Предыдущая страница реферата | 1 2 3 4 | Следующая страница реферата
Данная концепция став фактически общепризнанной, в значительной степени остается таковой и по сию пору, подвергаясь критике лишь по второстепенным вопросам. Между тем, дискуссии, разворачивающиеся в юридической науке по этим частным проблемам, будучи весьма актуальными по практическим следствиям, при всей своей оживленности, на наш взгляд, страдают отсутствием перспективы. Причина, как нам представляется, заключается в том, что все эти дискуссии разворачиваются на старой и слишком обветшалой методологической основе – представлении о праве как продукте государственной воли и о системе права как совокупности государственных норм, разделенных на отрасли. Возгласы о том, что между отраслями права нет и не должно быть «китайских стен», раздавались в юридической науке раньше, призывы такого рода слышатся время от времени и теперь, но все они тонут в прямо противоположном течении – трактовать и оценивать все правовые категории в их исключительной связи с государством (и соответственно, по степени их выражения в законодательстве), а также по жесткой принадлежности к той или иной отрасли.

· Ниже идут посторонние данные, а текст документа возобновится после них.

(* Let $(\gamma_j)_{j\ge1}$ be a sequence with $1\ge\gamma_1\ge\gamma_2\ge\cdots\ge0$ and product weights $\gamma_{\mathfrak u}=\prod_{j\in\mathfrak u}\gamma_j$, and assume there is $c>0$ with $\gamma_j\ge c$ for all $j\in\mathbb N$. Then for all $\varepsilon\in(0,1)$ and all $d\in\mathbb N$, $N_{\boldsymbol\gamma}(\varepsilon,d)\ge\left(\frac{c}{4\varepsilon}\right)^d$. In particular, the $\boldsymbol\gamma$-weighted star discrepancy of the centered regular grid suffers from the curse of dimensionality (and this holds in particular for the classical star discrepancy, i.e. $\gamma_j=1$ for all $j$).
   Context: Write $[d]=\{1,\dots,d\}$. For $m_1,\dots,m_d\in\mathbb N$ the centered regular grid is $\Gamma_{m_1,\dots,m_d}=\{(\frac{2\ell_1+1}{2m_1},\dots,\frac{2\ell_d+1}{2m_d}) : \ell_j\in\{0,\dots,m_j-1\}\}$, with $N=m_1\cdots m_d$ points. For an $N$-point set $\mathcal P_d\subset[0,1)^d$ with real coefficients $\mathcal A(\mathcal P_d)=\{a_{\boldsymbol x}\}$, the local discrepancy is $\Delta_{\mathcal P_d,\mathcal A(\mathcal P_d)}(\boldsymbol\alpha)=\sum_{\boldsymbol x\in\mathcal P_d}a_{\boldsymbol x}\mathbf 1_{[\boldsymbol 0,\boldsymbol\alpha)}(\boldsymbol x)-\prod_{j=1}^d\alpha_j$, $\boldsymbol\alpha\in[0,1]^d$, and the $\boldsymbol\gamma$-weighted star discrepancy is $D^*_{N,\boldsymbol\gamma}(\mathcal P_d,\mathcal A(\mathcal P_d))=\sup_{\boldsymbol\alpha\in[0,1]^d}\max_{\emptyset\ne\mathfrak u\subseteq[d]}\gamma_{\mathfrak u}|\Delta_{\mathcal P_d,\mathcal A(\mathcal P_d)}((\boldsymbol\alpha_{\mathfrak u},\boldsymbol 1))|$, where $(\boldsymbol\alpha_{\mathfrak u},\boldsymbol 1)$ has $j$-th coordinate $\alpha_j$ for $j\in\mathfrak u$ and $1$ otherwise. For $\varepsilon\in(0,1)$, $d\in\mathbb N$, $N_{\boldsymbol\gamma}(\varepsilon,d)=\min\{N: N=m_1\cdots m_d \text{ and there exist coefficients } \mathcal A(\Gamma_{m_1,\dots,m_d}) \text{ with } D^*_{N,\boldsymbol\gamma}(\Gamma_{m_1,\dots,m_d},\mathcal A(\Gamma_{m_1,\dots,m_d}))\le\varepsilon\}$. The discrepancy suffers from the curse of dimensionality if there exist $C,\varepsilon_0,\tau>0$ with $N_{\boldsymbol\gamma}(\varepsilon,d)\ge C(1+\tau)^d$ for all $\varepsilon\le\varepsilon_0$ and infinitely many $d\in\mathbb N$. *)

theory Defs
  imports Complex_Main
begin

text \<open>Points of [0,1)^d are modelled as functions nat => real; coordinates are
  indexed by {1..d}, and all other coordinates are 0.\<close>

definition centered_grid :: "nat \<Rightarrow> (nat \<Rightarrow> nat) \<Rightarrow> (nat \<Rightarrow> real) set" where
  "centered_grid d m = {x. (\<forall>j\<in>{1..d}. \<exists>l<m j. x j = (2 * real l + 1) / (2 * real (m j)))
                          \<and> (\<forall>j. j \<notin> {1..d} \<longrightarrow> x j = 0)}"

definition local_disc ::
  "nat \<Rightarrow> (nat \<Rightarrow> real) set \<Rightarrow> ((nat \<Rightarrow> real) \<Rightarrow> real) \<Rightarrow> (nat \<Rightarrow> real) \<Rightarrow> real" where
  "local_disc d P a \<alpha> =
     (\<Sum>x\<in>P. a x * (if (\<forall>j\<in>{1..d}. 0 \<le> x j \<and> x j < \<alpha> j) then 1 else 0))
     - (\<Prod>j\<in>{1..d}. \<alpha> j)"

definition restr_one :: "nat set \<Rightarrow> (nat \<Rightarrow> real) \<Rightarrow> (nat \<Rightarrow> real)" where
  "restr_one u \<alpha> = (\<lambda>j. if j \<in> u then \<alpha> j else 1)"

definition weighted_star_disc ::
  "(nat set \<Rightarrow> real) \<Rightarrow> nat \<Rightarrow> (nat \<Rightarrow> real) set \<Rightarrow> ((nat \<Rightarrow> real) \<Rightarrow> real) \<Rightarrow> real" where
  "weighted_star_disc w d P a =
     Sup {w u * \<bar>local_disc d P a (restr_one u \<alpha>)\<bar> | u \<alpha>.
            u \<noteq> {} \<and> u \<subseteq> {1..d} \<and> (\<forall>j\<in>{1..d}. 0 \<le> \<alpha> j \<and> \<alpha> j \<le> 1)}"

definition product_weights :: "(nat \<Rightarrow> real) \<Rightarrow> nat set \<Rightarrow> real" where
  "product_weights \<gamma> u = (\<Prod>j\<in>u. \<gamma> j)"

definition N_grid :: "(nat set \<Rightarrow> real) \<Rightarrow> real \<Rightarrow> nat \<Rightarrow> nat" where
  "N_grid w \<epsilon> d = Inf {N. \<exists>m. (\<forall>j\<in>{1..d}. 1 \<le> m j) \<and> N = (\<Prod>j\<in>{1..d}. m j) \<and>
         (\<exists>a. weighted_star_disc w d (centered_grid d m) a \<le> \<epsilon>)}"

definition curse_of_dim :: "(real \<Rightarrow> nat \<Rightarrow> nat) \<Rightarrow> bool" where
  "curse_of_dim Nf \<longleftrightarrow> (\<exists>C \<epsilon>0 \<tau>. C > 0 \<and> \<epsilon>0 > 0 \<and> \<tau> > 0 \<and>
      (\<forall>\<epsilon>. 0 < \<epsilon> \<and> \<epsilon> < 1 \<and> \<epsilon> \<le> \<epsilon>0 \<longrightarrow>
         infinite {d::nat. d \<ge> 1 \<and> real (Nf \<epsilon> d) \<ge> C * (1 + \<tau>) ^ d}))"

end

theory Submission
  imports Defs "HOL-Library.FuncSet"
begin

(* A box whose side in direction j is 1/(2 m_j) and which is full in all other directions
   contains no point of the centered grid, so whatever the coefficients its local discrepancy
   is minus its volume 1/(2 m_j). With weight gamma_j >= c, discrepancy at most eps therefore
   forces m_j >= c/(2 eps) in every direction, and N = m_1 ... m_d >= (c/(2 eps))^d; for
   eps <= c/8 this is at least 2^d. The bound on N is not vacuous: equal coefficients 1/N
   on a grid with M points per direction have discrepancy at most d/(2M), because the
   counting part of the local discrepancy factorises over the coordinates. *)

lemma card_centered_points_below:
  fixes m :: nat and \<alpha> :: real
  assumes "m \<ge> 1" "0 \<le> \<alpha>" "\<alpha> \<le> 1"
  shows "\<bar>real (card {l. l < m \<and> (2 * real l + 1) / (2 * real m) < \<alpha>}) - real m * \<alpha>\<bar> \<le> 1 / 2"
proof -
  define t where "t = real m * \<alpha> - 1 / 2"
  define k where "k = min m (nat \<lceil>t\<rceil>)"
  have "(2 * real l + 1) / (2 * real m) < \<alpha> \<longleftrightarrow> l < nat \<lceil>t\<rceil>" for l
  proof -
    have "(2 * real l + 1) / (2 * real m) < \<alpha> \<longleftrightarrow> int l < \<lceil>t\<rceil>"
      using assms(1) by (simp add: t_def field_simps less_ceiling_iff)
    then show ?thesis by linarith
  qed
  then have "{l. l < m \<and> (2 * real l + 1) / (2 * real m) < \<alpha>} = {..<k}"
    by (simp add: k_def set_eq_iff)
  moreover have "\<bar>real k - real m * \<alpha>\<bar> \<le> 1 / 2"
  proof (cases "nat \<lceil>t\<rceil> \<le> m")
    case True
    then have k: "real k = max 0 (of_int \<lceil>t\<rceil>)" unfolding k_def by simp
    have "t \<le> of_int \<lceil>t\<rceil>" "of_int \<lceil>t\<rceil> < t + 1" by linarith+
    moreover have "0 \<le> real m * \<alpha>" using assms(2) by simp
    ultimately show ?thesis unfolding k t_def by linarith
  next
    case False
    then have "k = m" "t > real m - 1" unfolding k_def by linarith+
    moreover have "real m * \<alpha> \<le> real m" using assms(3) by (simp add: mult_left_le)
    ultimately show ?thesis unfolding t_def by simp
  qed
  ultimately show ?thesis by simp
qed

lemma abs_prod_diff_le_sum_abs_diff:
  fixes x y :: "'a \<Rightarrow> 'b :: linordered_idom"
  assumes "\<And>i. i \<in> I \<Longrightarrow> 0 \<le> x i \<and> x i \<le> 1" "\<And>i. i \<in> I \<Longrightarrow> 0 \<le> y i \<and> y i \<le> 1"
  shows "\<bar>prod x I - prod y I\<bar> \<le> (\<Sum>i\<in>I. \<bar>x i - y i\<bar>)"
proof (cases "finite I")
  case True
  then show ?thesis using assms
  proof (induction I rule: finite_induct)
    case (insert a F)
    have y: "0 \<le> prod y F" "prod y F \<le> 1" using insert.prems by (auto intro: prod_nonneg prod_le_1)
    have x: "0 \<le> x a" "x a \<le> 1" using insert.prems by auto
    have "x a * prod x F - y a * prod y F = x a * (prod x F - prod y F) + (x a - y a) * prod y F"
      by (simp add: algebra_simps)
    then have "\<bar>x a * prod x F - y a * prod y F\<bar> \<le> \<bar>x a\<bar> * \<bar>prod x F - prod y F\<bar> + \<bar>x a - y a\<bar> * \<bar>prod y F\<bar>"
      by (metis abs_mult abs_triangle_ineq)
    also have "\<dots> \<le> \<bar>prod x F - prod y F\<bar> + \<bar>x a - y a\<bar>"
      using x y by (intro add_mono) (auto intro: mult_left_le_one_le mult_right_le_one_le)
    finally show ?case using insert by simp
  qed simp
qed simp

definition grid_point :: "nat \<Rightarrow> (nat \<Rightarrow> nat) \<Rightarrow> (nat \<Rightarrow> nat) \<Rightarrow> nat \<Rightarrow> real" where
  "grid_point d m l = (\<lambda>j. if j \<in> {1..d} then (2 * real (l j) + 1) / (2 * real (m j)) else 0)"

lemma grid_point_image_PiE:
  "grid_point d m ` PiE {1..d} A =
     {x. (\<forall>j\<in>{1..d}. \<exists>l\<in>A j. x j = (2 * real l + 1) / (2 * real (m j))) \<and> (\<forall>j. j \<notin> {1..d} \<longrightarrow> x j = 0)}"
  (is "_ = ?G")
proof
  show "?G \<subseteq> grid_point d m ` PiE {1..d} A"
  proof
    fix x assume x: "x \<in> ?G"
    then have "\<forall>j\<in>{1..d}. \<exists>l. l \<in> A j \<and> x j = (2 * real l + 1) / (2 * real (m j))" by blast
    from bchoice[OF this] obtain L
      where L: "\<forall>j\<in>{1..d}. L j \<in> A j \<and> x j = (2 * real (L j) + 1) / (2 * real (m j))" by blast
    then have "x = grid_point d m (restrict L {1..d})" "restrict L {1..d} \<in> PiE {1..d} A"
      using x by (auto simp: grid_point_def fun_eq_iff)
    then show "x \<in> grid_point d m ` PiE {1..d} A" by blast
  qed
qed (auto simp: grid_point_def)

lemma inj_on_grid_point:
  assumes "\<forall>j\<in>{1..d}. 1 \<le> m j"
  shows "inj_on (grid_point d m) (PiE {1..d} A)"
proof (rule inj_onI)
  fix l l' assume l: "l \<in> PiE {1..d} A" "l' \<in> PiE {1..d} A" and eq: "grid_point d m l = grid_point d m l'"
  have "l j = l' j" if j: "j \<in> {1..d}" for j
  proof -
    have "(2 * real (l j) + 1) / (2 * real (m j)) = (2 * real (l' j) + 1) / (2 * real (m j))"
      using fun_cong[OF eq, of j] j by (simp add: grid_point_def)
    moreover have "m j \<noteq> 0" using assms j by fastforce
    ultimately show ?thesis by (simp add: field_simps)
  qed
  then show "l = l'" using l by (auto intro: PiE_ext)
qed

lemma centered_grid_eq_image:
  "centered_grid d m = grid_point d m ` PiE {1..d} (\<lambda>j. {..<m j})"
  unfolding grid_point_image_PiE centered_grid_def by auto

lemma finite_centered_grid: "finite (centered_grid d m)"
  unfolding centered_grid_eq_image by (intro finite_imageI finite_PiE) auto

lemma centered_grid_box_eq_image:
  "{x \<in> centered_grid d m. \<forall>j\<in>{1..d}. 0 \<le> x j \<and> x j < \<beta> j} =
     grid_point d m ` PiE {1..d} (\<lambda>j. {l. l < m j \<and> (2 * real l + 1) / (2 * real (m j)) < \<beta> j})"
  unfolding grid_point_image_PiE centered_grid_def by fastforce

lemma card_centered_grid_box:
  assumes "\<forall>j\<in>{1..d}. 1 \<le> m j"
  shows "card {x \<in> centered_grid d m. \<forall>j\<in>{1..d}. 0 \<le> x j \<and> x j < \<beta> j} =
           (\<Prod>j\<in>{1..d}. card {l. l < m j \<and> (2 * real l + 1) / (2 * real (m j)) < \<beta> j})"
  unfolding centered_grid_box_eq_image
  by (subst card_image[OF inj_on_grid_point[OF assms]]) (simp add: card_PiE)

Вместе с тем, элементы права можно (и необходимо) систематизировать и с другой точки зрения. Из того, что право творится не только государством, следует возможность его разделения с точки зрения источника. Правовой обычай, судебный прецедент, договор и нормативный правовой акт государства,[10: Следует попутно отметить, что такое, казалось бы, очевидное деление источников права в литературе далеко не обладает надлежащей чистотой. Так, например, встречается отнесение так называемого договора с нормативным содержанием к числу нормативных актов; в литературе по трудовому праву коллективный договор порой определяется как локальный нормативный акт, и т.п. Должно быть понятным, что коль скоро и нормативный договор, и нормативный акт являются источниками объективного права, они содержат в себе нормы права - что и позволяет, собственно, считать их источниками права. В этом плане они обладают единой природой. Однако, данное обстоятельство отнюдь не позволяет их объединять в одну родовую категорию нормативного правового акта.] – все они содержат в себе право, и это их объединяет. В большей или меньшей степени указанные источники характерны если не для всех, то значительной части отраслей права, однако данное обстоятельство не исключает возможности рассматривать их наряду и отдельно от отраслевого деления. Следовательно, мы можем говорить не только об отраслях, но и о таких видах права, как обычное, прецедентное, контрактное и статутное. Понятно, что такое разделение права существует наряду и параллельно его разделению на отрасли, однако не менее очевидно и то, что оно совершенно не «вписывается» в систему законодательства, построенного по преимущественно отраслевому принципу. В самом деле, проблема судебной практики и судебного прецедента является проблемой законодательства о труде не большей, но и не в меньшей степени, чем, скажем, гражданского или административного законодательства. Поэтому и решать эту проблему в принципиальном плане нужно вне отраслевого законодательства, учитывая в этом последнем лишь те особенности, которые имеют место при регулировании соответствующей области общественных отношений.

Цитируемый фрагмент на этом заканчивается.